We retrospectively included all patients from 2018 to 2021 referred with a suspicion of IA or NSAID-HS by history in whom SPT and/or sIgE to allergens of the IA panel were performed. Patient characteristics from patients' records included comorbidities, history and symptoms of anaphylaxis, serum baseline tryptase level, total IgE level, SPT, sIgE, challenge results, and final diagnoses.

RESULTS

A total of 134 patients (77 female, mean age 39.7 ± 14.6 years) were included. Median serum baseline tryptase and total IgE levels were 4.23 μg/L and 133.5 kU/L, respectively. Allergologic workup with the IA panel resulted in positive SPT and sIgE in 61 (47%) and 66 (60%) patients, respectively. In those, confirmation or exclusion of allergy, mostly by challenge, led to a definitive diagnosis in 61 of 134 patients (46%). Skin prick test was most frequently positive to gluten (22.4%) and sIgE to ω5-gliadin (21.6%), which correlated with the history (r = 0.310, P < .001; and r = 0.407, P < .001, respectively).
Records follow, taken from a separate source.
text \<open>The period of \<open>c\<^sup>a\<^sub>m = m \<Sum>\<^sub>j ((m - 1)T)\<^sup>j H\<^sup>a(1\<^sup>j)\<close> is \<open>m \<Sum>\<^sub>j ((m - 1)p)\<^sup>j e\<^sub>j(y)\<close>, a finite sum
  equal to \<open>m \<Prod>\<^sub>i (1 + (m - 1)p y\<^sub>i)\<close>; its terms with \<open>j \<ge> N\<close> are divisible by \<open>p\<^sup>N\<close> because the
  \<open>y\<^sub>i\<close> are \<open>p\<close>-integral.\<close>

lemma per_eq_ca:
  fixes J :: "nat \<Rightarrow> nat set"
  assumes z: "integral_zetas Z" and fin: "\<And>p. finite (J p)"
    and H: "\<And>n. 1 \<le> n \<Longrightarrow> per_eq Z (Ha n) (\<lambda>p. \<Sum>i\<in>J p. y p i ^ n)"
    and y: "\<And>p i. prime p \<Longrightarrow> i \<in> J p \<Longrightarrow> vp_ge p 0 (y p i)"
  shows "per_eq Z (ca m) (\<lambda>p. of_nat m * (\<Prod>i\<in>J p. 1 + of_nat (m - 1) * of_nat p * y p i))"
  unfolding per_eq_iff_ev_vp_ge
proof
  fix N
  let ?e = "\<lambda>p j. esym (J p) (y p) j"
  let ?x = "\<lambda>p. of_nat (m - 1) * of_nat p :: rat"
  have head: "ev_vp_ge N (\<lambda>p M. of_nat m * (\<Sum>j<N. of_nat (m - 1) ^ j *
                 (of_nat p ^ j * (per_trunc Z p M (N - j) (Ha1 j) - ?e p j))))"
  proof (intro ev_vp_ge_mult_integral[OF ev_vp_ge_const] ev_vp_ge_sum)
    fix j assume j: "j \<in> {..<N}"
    have "ev_vp_ge (N - j) (\<lambda>p M. per_trunc Z p M (N - j) (Ha1 j) - ?e p j)"
      using per_eq_Ha1[OF z fin H, of j] unfolding per_eq_iff_ev_vp_ge by blast
    then have "ev_vp_ge (j + (N - j)) (\<lambda>p M. of_nat p ^ j * (per_trunc Z p M (N - j) (Ha1 j) - ?e p j))"
      by (rule ev_vp_ge_mult_prime_power)
    then show "ev_vp_ge N (\<lambda>p M. of_nat p ^ j * (per_trunc Z p M (N - j) (Ha1 j) - ?e p j))"
      using j by simp
  qed
  have tail: "ev_vp_ge N (\<lambda>p M. of_nat m * (\<Sum>j\<in>{N..<N + card (J p) + 1}. ?e p j * ?x p ^ j))"
  proof (rule ev_vp_geI)
    fix p M :: nat assume p: "prime p"
    have "vp_ge p N (?e p j * ?x p ^ j)" if j: "j \<in> {N..<N + card (J p) + 1}" for j
    proof -
      have "vp_ge p (j + 0) (of_nat p ^ j * (?e p j * of_nat (m - 1) ^ j))"
        using p y fin by (intro vp_ge_mult_prime_power vp_ge_mult_integral vp_ge_esym vp_ge_power) auto
      then show ?thesis
        using vp_ge_mono[OF p, of N "j + 0"] j by (simp add: power_mult_distrib ac_simps)
    qed
    then show "vp_ge p N (of_nat m * (\<Sum>j\<in>{N..<N + card (J p) + 1}. ?e p j * ?x p ^ j))"
      by (rule vp_ge_mult_integral[OF p vp_ge_of_nat[OF p] vp_ge_sum[OF p]])
  qed
  have expand: "(\<Prod>i\<in>J p. 1 + ?x p * y p i)
      = (\<Sum>j<N. ?e p j * ?x p ^ j) + (\<Sum>j\<in>{N..<N + card (J p) + 1}. ?e p j * ?x p ^ j)" for p
  proof -
    have "(\<Prod>i\<in>J p. 1 + ?x p * y p i) = (\<Sum>j<N + card (J p) + 1. ?e p j * ?x p ^ j)"
      by (rule prod_one_plus_eq_esym_sum[OF fin]) simp
    then show ?thesis
      by (simp add: lessThan_atLeast0 sum.atLeastLessThan_concat)
  qed
  have "per_trunc Z p M N (ca m) - of_nat m * (\<Prod>i\<in>J p. 1 + ?x p * y p i) =
     of_nat m * (\<Sum>j<N. of_nat (m - 1) ^ j * (of_nat p ^ j * (per_trunc Z p M (N - j) (Ha1 j) - ?e p j)))
     - of_nat m * (\<Sum>j\<in>{N..<N + card (J p) + 1}. ?e p j * ?x p ^ j)" for p M
    unfolding expand
    by (simp add: per_trunc_ca algebra_simps sum_subtractf sum_distrib_left power_mult_distrib)
  then show "ev_vp_ge N (\<lambda>p M. per_trunc Z p M N (ca m) -
               of_nat m * (\<Prod>i\<in>J p. 1 + of_nat (m - 1) * of_nat p * y p i))"
    using ev_vp_ge_diff[OF head tail] by simp
qed

section \<open>Truncated binomial series\<close>

text \<open>The binomial series of \<open>(1 + u)\<^sup>-\<^sup>n\<close>, truncated to degrees \<open>< N\<close>.\<close>

definition binom_series_trunc :: "nat \<Rightarrow> nat \<Rightarrow> rat \<Rightarrow> rat" where
  "binom_series_trunc N n u = (\<Sum>s<N. of_nat ((n + s - 1) choose s) * (- u) ^ s)"

lemma binom_series_trunc_1: "(1 + u) * binom_series_trunc N 1 u = 1 - (- u) ^ N"
proof -
  have "(1 + u) * (\<Sum>s<N. (- u) ^ s) = 1 - (- u) ^ N"
    by (induction N) (simp_all add: algebra_simps)
  then show ?thesis
    by (simp add: binom_series_trunc_def)
qed

lemma binom_series_trunc_Suc:
  assumes "1 \<le> n" "1 \<le> N"
  shows "(1 + u) * binom_series_trunc N (Suc n) u =
    binom_series_trunc N n u + u * of_nat ((n + N - 1) choose (N - 1)) * (- u) ^ (N - 1)"
proof -
  let ?B = "binom_series_trunc N"
  obtain N' where N': "N = Suc N'"
    using assms(2) by (cases N) auto
  have pascal: "(n + Suc k) choose Suc k = ((n + k) choose Suc k) + ((n + k) choose k)" for k
    using binomial_Suc_Suc[of "n + k" k] by simp
  have "?B (Suc n) u = 1 + (\<Sum>k<N'. of_nat ((n + Suc k) choose Suc k) * (- u) ^ Suc k)"
    unfolding binom_series_trunc_def N' sum.lessThan_Suc_shift by simp
  also have "\<dots> = 1 + (\<Sum>k<N'. of_nat ((n + k) choose Suc k) * (- u) ^ Suc k)
                  + (\<Sum>k<N'. of_nat ((n + k) choose k) * (- u) ^ Suc k)"
    unfolding pascal by (simp add: distrib_right sum.distrib sum_subtractf sum_negf)
  also have "1 + (\<Sum>k<N'. of_nat ((n + k) choose Suc k) * (- u) ^ Suc k) = ?B n u"
    unfolding binom_series_trunc_def N' sum.lessThan_Suc_shift using assms(1) by simp
  also have "(\<Sum>k<N'. of_nat ((n + k) choose k) * (- u) ^ Suc k)
      = - u * (?B (Suc n) u - of_nat ((n + N') choose N') * (- u) ^ N')"
    unfolding binom_series_trunc_def N' by (simp add: sum_distrib_left ac_simps)
  finally show ?thesis
    using N' by (simp add: algebra_simps)
qed
lemma holomorphic_on_contour_integral_circlepath_param:
  fixes \<Phi> :: "complex \<Rightarrow> complex \<Rightarrow> complex"
  assumes S: "open S" and cont: "continuous_on (S \<times> sphere c \<rho>) (\<lambda>(x, \<eta>). \<Phi> x \<eta>)"
    and \<rho>: "0 < \<rho>" and hol: "\<And>\<eta>. \<eta> \<in> sphere c \<rho> \<Longrightarrow> (\<lambda>x. \<Phi> x \<eta>) holomorphic_on S"
  shows "(\<lambda>x. contour_integral (circlepath c \<rho>) (\<Phi> x)) holomorphic_on S"
  unfolding holomorphic_on_open[OF S]
proof
  define H where "H = (\<lambda>x. contour_integral (circlepath c \<rho>) (\<Phi> x))"
  fix x0 assume "x0 \<in> S"
  then obtain s where s: "0 < s" "cball x0 s \<subseteq> S" using open_contains_cball S by blast
  have cont_H: "continuous_on (sphere x0 s) H"
    unfolding H_def
    by (rule continuous_on_subset[OF continuous_on_contour_integral_circlepath_param[OF S cont \<rho>]])
       (use s in auto)
  define g where "g = (\<lambda>x. contour_integral (circlepath x0 s) (\<lambda>\<xi>. H \<xi> / (\<xi> - x)))"
  \<comment> \<open>H is reproduced by its own Cauchy integral, which is holomorphic inside the circle.\<close>
  have "((\<lambda>\<xi>. H \<xi> / (\<xi> - x) ^ 1) has_contour_integral g x) (circlepath x0 s)" if "x \<in> ball x0 s" for x
  proof -
    have "continuous_on (sphere x0 s) (\<lambda>\<xi>. H \<xi> / (\<xi> - x))"
      using that by (intro continuous_intros cont_H) (auto simp: dist_norm)
    then show ?thesis
      unfolding g_def using s
      by (auto intro!: has_contour_integral_integral contour_integrable_continuous_circlepath
          simp: path_image_circlepath_nonneg)
  qed
  then obtain g' where "(g has_field_derivative g') (at x0)"
    using Cauchy_next_derivative_circlepath(2)[where z = x0 and r = s and f = H and g = g
        and k = 1 and w = x0] cont_H s
    by (auto simp: path_image_circlepath_nonneg)
  then have deriv_g: "((\<lambda>x. g x / (2 * complex_of_real pi * \<i>)) has_field_derivative
      g' / (2 * complex_of_real pi * \<i>)) (at x0)"
    by (auto intro!: derivative_eq_intros)
  have g_eq_H: "g x / (2 * complex_of_real pi * \<i>) = H x" if "x \<in> ball x0 s" for x
    using contour_integral_circlepath_param_Cauchy[OF cont \<rho> hol s that]
    unfolding H_def g_def by (simp add: field_simps)
  have "(H has_field_derivative g' / (2 * complex_of_real pi * \<i>)) (at x0)"
    by (rule has_field_derivative_transform_within_open[OF deriv_g open_ball]) (use s g_eq_H in auto)
  then show "\<exists>f'. (H has_field_derivative f') (at x0)" by blast
qed

section \<open>Separately holomorphic functions on the bidisc\<close>

lemma bidisc_eq_Times: "bidisc = ball 0 1 \<times> ball 0 1"
  by (auto simp: bidisc_def)

lemma mem_bidisc [simp]: "(u, w) \<in> bidisc \<longleftrightarrow> norm u < 1 \<and> norm w < 1"
  by (simp add: bidisc_def)

lemma polydisc_eq_Times: "polydisc z0 R = cball (fst z0) (fst R) \<times> cball (snd z0) (snd R)"
  by (auto simp: polydisc_def dist_norm norm_minus_commute)

lemma analytic_bidisc_holomorphic_fst:
  "analytic_bidisc F \<Longrightarrow> norm w < 1 \<Longrightarrow> (\<lambda>u. F (u, w)) holomorphic_on ball 0 1"
  by (simp add: analytic_bidisc_def)

lemma analytic_bidisc_holomorphic_snd:
  "analytic_bidisc F \<Longrightarrow> norm u < 1 \<Longrightarrow> (\<lambda>w. F (u, w)) holomorphic_on ball 0 1"
  by (simp add: analytic_bidisc_def)

lemma analytic_bidisc_continuous_on_Times:
  assumes "analytic_bidisc F" "A \<subseteq> ball 0 1" "B \<subseteq> ball 0 1"
  shows "continuous_on (A \<times> B) (\<lambda>(x, y). F (x, y))"
proof -
  have "A \<times> B \<subseteq> bidisc" using assms(2,3) by (auto simp: bidisc_eq_Times)
  then show ?thesis
    using assms(1) unfolding analytic_bidisc_def
    by (auto simp: case_prod_beta' elim: continuous_on_subset)
qed

lemma analytic_bidisc_swap:
  assumes "analytic_bidisc F"
  shows "analytic_bidisc (\<lambda>z. F (snd z, fst z))"
proof -
  have "continuous_on bidisc (F \<circ> (\<lambda>z. (snd z, fst z)))"
    using assms unfolding analytic_bidisc_def
    by (intro continuous_on_compose continuous_intros)
       (auto elim!: continuous_on_subset simp: bidisc_def)
  then show ?thesis using assms unfolding analytic_bidisc_def by (simp add: o_def)
qed

lemma holomorphic_on_higher_deriv_snd:
  assumes F: "analytic_bidisc F" and w: "norm w < 1"
  shows "(\<lambda>x. (deriv ^^ q) (\<lambda>y. F (x, y)) w) holomorphic_on ball 0 1"
proof -
  define \<rho> where "\<rho> = (1 - norm w) / 2"
  have \<rho>: "0 < \<rho>" "cball w \<rho> \<subseteq> ball 0 1"
    using w by (auto simp: \<rho>_def cball_subset_ball_iff field_simps)
  define \<Phi> where "\<Phi> = (\<lambda>x \<eta>. F (x, \<eta>) / (\<eta> - w) ^ Suc q)"
  have "continuous_on (ball 0 1 \<times> sphere w \<rho>) (\<lambda>p. (\<lambda>(x, y). F (x, y)) p / (snd p - w) ^ Suc q)"
    using \<rho> by (intro continuous_intros analytic_bidisc_continuous_on_Times[OF F]) auto
  then have "continuous_on (ball 0 1 \<times> sphere w \<rho>) (\<lambda>(x, \<eta>). \<Phi> x \<eta>)"
    by (simp add: \<Phi>_def case_prod_unfold)
  moreover have "(\<lambda>x. \<Phi> x \<eta>) holomorphic_on ball 0 1" if "\<eta> \<in> sphere w \<rho>" for \<eta>
    unfolding \<Phi>_def using that \<rho>
    by (intro holomorphic_intros analytic_bidisc_holomorphic_fst[OF F]) auto
  ultimately have "(\<lambda>x. fact q / (2 * complex_of_real pi * \<i>) *
      contour_integral (circlepath w \<rho>) (\<Phi> x)) holomorphic_on ball 0 1"
    using \<rho> by (intro holomorphic_intros holomorphic_on_contour_integral_circlepath_param) auto
  moreover have "fact q / (2 * complex_of_real pi * \<i>) * contour_integral (circlepath w \<rho>) (\<Phi> x)
      = (deriv ^^ q) (\<lambda>y. F (x, y)) w" if "x \<in> ball 0 1" for x
  proof -
    have "(\<lambda>y. F (x, y)) holomorphic_on cball w \<rho>"
      using analytic_bidisc_holomorphic_snd[OF F] that holomorphic_on_subset[OF _ \<rho>(2)] by simp
    then show ?thesis
      unfolding \<Phi>_def using higher_deriv_eq_Cauchy_integral_cball(2) \<rho>(1) by simp
  qed
  ultimately show ?thesis by (rule holomorphic_transform)
qed

lemma analytic_bidisc_continuous_on_Cauchy_kernel:
  assumes F: "analytic_bidisc F" and "A \<subseteq> ball 0 1" "u \<notin> A" "B \<subseteq> ball 0 1" "w \<notin> B"
  shows "continuous_on (A \<times> B) (\<lambda>(\<xi>, \<eta>). F (\<xi>, \<eta>) / ((\<xi> - u) ^ Suc p * (\<eta> - w) ^ Suc q))"
proof -
  have "continuous_on (A \<times> B)
      (\<lambda>z. (\<lambda>(x, y). F (x, y)) z / ((fst z - u) ^ Suc p * (snd z - w) ^ Suc q))"
    using assms by (intro continuous_intros analytic_bidisc_continuous_on_Times[OF F]) auto
  then show ?thesis by (simp add: case_prod_unfold)
qed
theorem sym_des_sumB_eq_sym_andre_sumB:
  fixes X :: "'a::linordered_ab_group_add set"
  assumes "finite X" "0 \<notin> X"
  shows "des_sumB x X + des_sumB x (uminus ` X) = andre_sumB x X + andre_sumB x (uminus ` X)"
  using assms
proof (induction "card X" arbitrary: X rule: less_induct)
  case less
  from less.prems consider "X = {}" | "X \<noteq> {}" "\<forall>y\<in>X. 0 < y" | "X \<noteq> {}" "\<forall>y\<in>X. y < 0"
    | "X \<noteq> {}" "Min X < 0" "0 < Max X"
    by (rule sign_cases)
  then show ?case
  proof cases
    case 1
    then show ?thesis
      by (simp add: des_sumB_def andre_sumB_def des_Cons)
  next
    case 2
    then show ?thesis
      using sym_des_sumB_eq_sym_andre_sumB_positive[OF less.prems(1)] by blast
  next
    case 3
    then have "\<forall>y\<in>uminus ` X. 0 < y" "uminus ` X \<noteq> {}"
      by auto
    then show ?thesis
      using sym_des_sumB_eq_sym_andre_sumB_positive[of "uminus ` X" x] less.prems(1)
      by (simp add: image_image add.commute)
  next
    case 4
    let ?Y = "X - {Min X} - {Max X}"
    have IH: "des_sumB x U + des_sumB x (uminus ` U) = andre_sumB x U + andre_sumB x (uminus ` U)"
      if "U \<in> Pow ?Y" for U
    proof (rule less.hyps)
      have "Min X \<in> X"
        using 4 less.prems(1) by simp
      with that less.prems(1) show "card U < card X"
        by (intro psubset_card_mono) auto
      show "finite U" "0 \<notin> U"
        using that less.prems by (auto intro: finite_subset)
    qed
    have "des_sumB x X + des_sumB x (uminus ` X) =
        2 * x * (\<Sum>U\<in>Pow ?Y. (des_sumB x U + des_sumB x (uminus ` U)) * des_sum x (X - {Min X} - U))"
      by (rule sym_split_Min_Max[where h = "des_sumB x"])
        (use des_sumB_split_Min_Max less.prems 4 in auto)
    also have "\<dots> =
        2 * x * (\<Sum>U\<in>Pow ?Y. (andre_sumB x U + andre_sumB x (uminus ` U)) * des_sum x (X - {Min X} - U))"
      using IH by simp
    also have "\<dots> = andre_sumB x X + andre_sumB x (uminus ` X)"
      by (rule sym_split_Min_Max[where h = "andre_sumB x", symmetric])
        (use less.prems 4 in \<open>auto simp: andre_sumB_split_Min_Max des_sum_eq_andre_sum\<close>)
    finally show ?thesis .
  qed
qed

section \<open>Signed permutations\<close>

lemma set_takeWhile_conv_nth:
  "set (takeWhile P xs) = {xs ! k | k. k < length xs \<and> (\<forall>p\<le>k. P (xs ! p))}"
proof -
  have len: "k < length (takeWhile P xs) \<longleftrightarrow> k < length xs \<and> (\<forall>p\<le>k. P (xs ! p))" for k
  proof
    assume k: "k < length (takeWhile P xs)"
    then have "k < length xs"
      using length_takeWhile_le[of P xs] by linarith
    moreover have "P (xs ! p)" if "p \<le> k" for p
    proof -
      have p: "p < length (takeWhile P xs)"
        using k that by linarith
      then have "P (takeWhile P xs ! p)"
        by (blast dest: nth_mem set_takeWhileD)
      with p show ?thesis
        by (simp add: takeWhile_nth)
    qed
    ultimately show "k < length xs \<and> (\<forall>p\<le>k. P (xs ! p))"
      by blast
  next
    assume "k < length xs \<and> (\<forall>p\<le>k. P (xs ! p))"
    then show "k < length (takeWhile P xs)"
      using length_takeWhile_less_P_nth[of "Suc k" P xs] by (auto simp: less_Suc_eq_le)
  qed
  have "set (takeWhile P xs) = {takeWhile P xs ! k | k. k < length (takeWhile P xs)}"
    by (rule set_conv_nth)
  also have "\<dots> = {xs ! k | k. k < length (takeWhile P xs)}"
    by (intro Collect_cong) (metis takeWhile_nth)
  finally show ?thesis
    unfolding len .
qed

lemma set_left_factor:
  assumes "i < length l"
  shows "set (left_factor l i) = {l ! k | k. k < i \<and> (\<forall>p. k \<le> p \<and> p < i \<longrightarrow> l ! i < l ! p)}"
    (is "_ = ?B")
proof -
  let ?A = "{l ! (i - Suc k) | k. k < i \<and> (\<forall>p\<le>k. l ! i < l ! (i - Suc p))}"
  have len: "length (rev (take i l)) = i"
    using assms by simp
  have "rev (take i l) ! k = l ! (i - Suc k)" if "k < i" for k
    using assms that by (simp add: rev_nth)
  then have "set (left_factor l i) = ?A"
    unfolding left_factor_def set_takeWhile_conv_nth len by (intro Collect_cong ex_cong1) auto
  also have "?A = ?B"
  proof
    show "?A \<subseteq> ?B"
    proof
      fix y assume "y \<in> ?A"
      then obtain k where k: "y = l ! (i - Suc k)" "k < i" "\<forall>p\<le>k. l ! i < l ! (i - Suc p)"
        by blast
      have "l ! i < l ! q" if "i - Suc k \<le> q" "q < i" for q
        using k(3)[rule_format, of "i - Suc q"] that by (simp add: Suc_diff_Suc)
      with k show "y \<in> ?B"
        by (intro CollectI exI[of _ "i - Suc k"]) auto
    qed
    show "?B \<subseteq> ?A"
    proof
      fix y assume "y \<in> ?B"
      then obtain k where k: "y = l ! k" "k < i" "\<forall>p. k \<le> p \<and> p < i \<longrightarrow> l ! i < l ! p"
        by blast
      have "l ! i < l ! (i - Suc p)" if "p \<le> i - Suc k" for p
        using k(3)[rule_format, of "i - Suc p"] that k(2) by simp
      with k show "y \<in> ?A"
        by (intro CollectI exI[of _ "i - Suc k"]) (auto simp: Suc_diff_Suc)
    qed
  qed
  finally show ?thesis .
qed

lemma set_right_factor:
  "set (right_factor l i) =
     {l ! k | k. i < k \<and> k < length l \<and> (\<forall>p. i < p \<and> p \<le> k \<longrightarrow> l ! i < l ! p)}"
    (is "_ = ?B")
proof -
  let ?A = "{l ! (Suc i + k) | k. k < length l - Suc i \<and> (\<forall>p\<le>k. l ! i < l ! (Suc i + p))}"
  have "set (right_factor l i) = ?A"
    unfolding right_factor_def set_takeWhile_conv_nth by (intro Collect_cong ex_cong1) auto
  also have "?A = ?B"
  proof
    show "?A \<subseteq> ?B"
    proof
      fix y assume "y \<in> ?A"
      then obtain k where k: "y = l ! (Suc i + k)" "k < length l - Suc i"
        "\<forall>p\<le>k. l ! i < l ! (Suc i + p)"
        by blast
      have "l ! i < l ! q" if "i < q" "q \<le> Suc i + k" for q
        using k(3)[rule_format, of "q - Suc i"] that by simp
      with k show "y \<in> ?B"
        by (intro CollectI exI[of _ "Suc i + k"]) auto
    qed
    show "?B \<subseteq> ?A"
    proof
      fix y assume "y \<in> ?B"
      then obtain k where k: "y = l ! k" "i < k" "k < length l" "\<forall>p. i < p \<and> p \<le> k \<longrightarrow> l ! i < l ! p"
        by blast
      with k show "y \<in> ?A"
        by (intro CollectI exI[of _ "k - Suc i"]) auto
    qed
  qed
  finally show ?thesis .
qed

lemma desB_eq_des: "desB w = des (0 # w)"
  by (simp add: desB_def des_def zword_def)

lemma valleys_eq_valley_set: "valleys w = valley_set (0 # w)"
  by (auto simp: valleys_def valley_set_def triple_positions_def zword_def)

lemma andreB_iff_andre:
  assumes "w \<noteq> []"
  shows "andreB w \<longleftrightarrow> andre (0 # w)"
proof -
  have "max_w2 w i = Max (set (left_factor (0 # w) i))" if "i < length w" for i
    using that by (simp add: max_w2_def zword_def set_left_factor)
  moreover have "max_w4 w i = Max (set (right_factor (0 # w) i))" for i
    by (simp add: max_w4_def zword_def set_right_factor less_Suc_eq_le)
  moreover have "i < length w" if "i \<in> valleys w" for i
    using that by (simp add: valleys_def)
  ultimately have "(\<forall>i\<in>valleys w. max_w2 w i < max_w4 w i) \<longleftrightarrow> andre_valley_condition (0 # w)"
    by (simp add: andre_valley_condition_def valleys_eq_valley_set)
  moreover have "zword w ! (length w - 1) < zword w ! length w \<longleftrightarrow> ends_with_ascent (0 # w)"
    using assms by (cases w) (auto simp: ends_with_ascent_def zword_def)
  moreover have "(\<nexists>i. 1 \<le> i \<and> i < length w \<and>
      zword w ! (i - 1) > zword w ! i \<and> zword w ! i > zword w ! (i + 1))
      \<longleftrightarrow> no_double_descent (0 # w)"
    by (auto simp: no_double_descent_def triple_positions_def zword_def)
  ultimately show ?thesis
    unfolding andreB_def andre_def by blast
qed

definition sign_choices :: "nat \<Rightarrow> int set set" where
  "sign_choices n = {X. inj_on abs X \<and> abs ` X = {1..int n}}"

lemma sign_choices_subset: "X \<in> sign_choices n \<Longrightarrow> X \<subseteq> {- int n..int n}"
  by (force simp: sign_choices_def)

lemma finite_sign_choices: "finite (sign_choices n)"
  by (rule finite_subset[of _ "Pow {- int n..int n}"]) (auto dest: sign_choices_subset)

lemma sign_choicesD:
  assumes "X \<in> sign_choices n"
  shows "finite X" "0 \<notin> X" "card X = n"
proof -
  show "finite X"
    using sign_choices_subset[OF assms] finite_subset by blast
  show "0 \<notin> X"
    using assms by (force simp: sign_choices_def)
  show "card X = n"
    using assms card_image[of abs X] by (simp add: sign_choices_def)
qed

lemma uminus_sign_choices: "X \<in> sign_choices n \<Longrightarrow> uminus ` X \<in> sign_choices n"
  by (auto simp: sign_choices_def inj_on_def image_image)

lemma signed_perms_eq: "signed_perms n = (\<Union>X\<in>sign_choices n. permutations_of_set X)"
proof -
  have "w \<in> signed_perms n \<longleftrightarrow> distinct w \<and> set w \<in> sign_choices n" for w
  proof
    assume "w \<in> signed_perms n"
    then show "distinct w \<and> set w \<in> sign_choices n"
      by (simp add: signed_perms_def sign_choices_def distinct_map)
  next
    assume w: "distinct w \<and> set w \<in> sign_choices n"
    then have "length w = n"
      using sign_choicesD(3)[of "set w" n] distinct_card[of w] by simp
    with w show "w \<in> signed_perms n"
      by (simp add: signed_perms_def sign_choices_def distinct_map)
  qed
  then show ?thesis
    by (auto simp: permutations_of_set_def)
qed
In 28 of 134 patients (21%) with initially suspected IA or NSAID-HS, challenges confirmed occult food allergy in which wheat allergy dependent on augmentation factors was the most frequent cause of anaphylaxis (19%).

CONCLUSIONS

Wheat allergy dependent on augmentation factors should be considered in all patients with anaphylaxis of unknown cause or after NSAID intake.

摘要

背景

特发性过敏反应(IA)仍是一个悬而未决的问题。隐匿性过敏原可能与 IA 和非甾体抗炎药过敏(NSAID-HS)有关。

目的

通过皮肤点刺试验(SPT)(13 种过敏原)和过敏原特异性 IgE(sIgE)检测(12 种过敏原)确定 IA 和 NSAID-HS 的隐匿性过敏原,并确定每种检测过敏原的价值。

方法

我们回顾性纳入了 2018 年至 2021 年期间因病史怀疑 IA 或 NSAID-HS 而接受 SPT 和/或 IA 检测过敏原 sIgE 的所有患者。患者记录中的患者特征包括合并症、过敏反应史和症状、血清基础类胰蛋白酶水平、总 IgE 水平、SPT、sIgE、激发试验结果和最终诊断。

结果

共纳入 134 例患者(77 例女性,平均年龄 39.7±14.6 岁)。中位血清基础类胰蛋白酶和总 IgE 水平分别为 4.23μg/L 和 133.5kU/L。IA 检测过敏原的过敏检查结果显示,61 例(47%)和 66 例(60%)患者 SPT 和 sIgE 阳性。其中,通过激发试验确认或排除过敏反应,大多数患者(61/134,46%)可明确诊断。皮肤点刺试验最常对谷蛋白(22.4%)和 ω5-麦醇溶蛋白(21.6%)呈阳性,这与病史相关(r=0.310,P<.001;r=0.407,P<.001)。在最初怀疑 IA 或 NSAID-HS 的 134 例患者中有 28 例(21%),激发试验证实隐匿性食物过敏,其中小麦过敏依赖于增强因子是过敏反应最常见的原因(19%)。

结论

对于不明原因过敏反应或 NSAID 摄入后出现过敏反应的所有患者,均应考虑依赖增强因子的小麦过敏。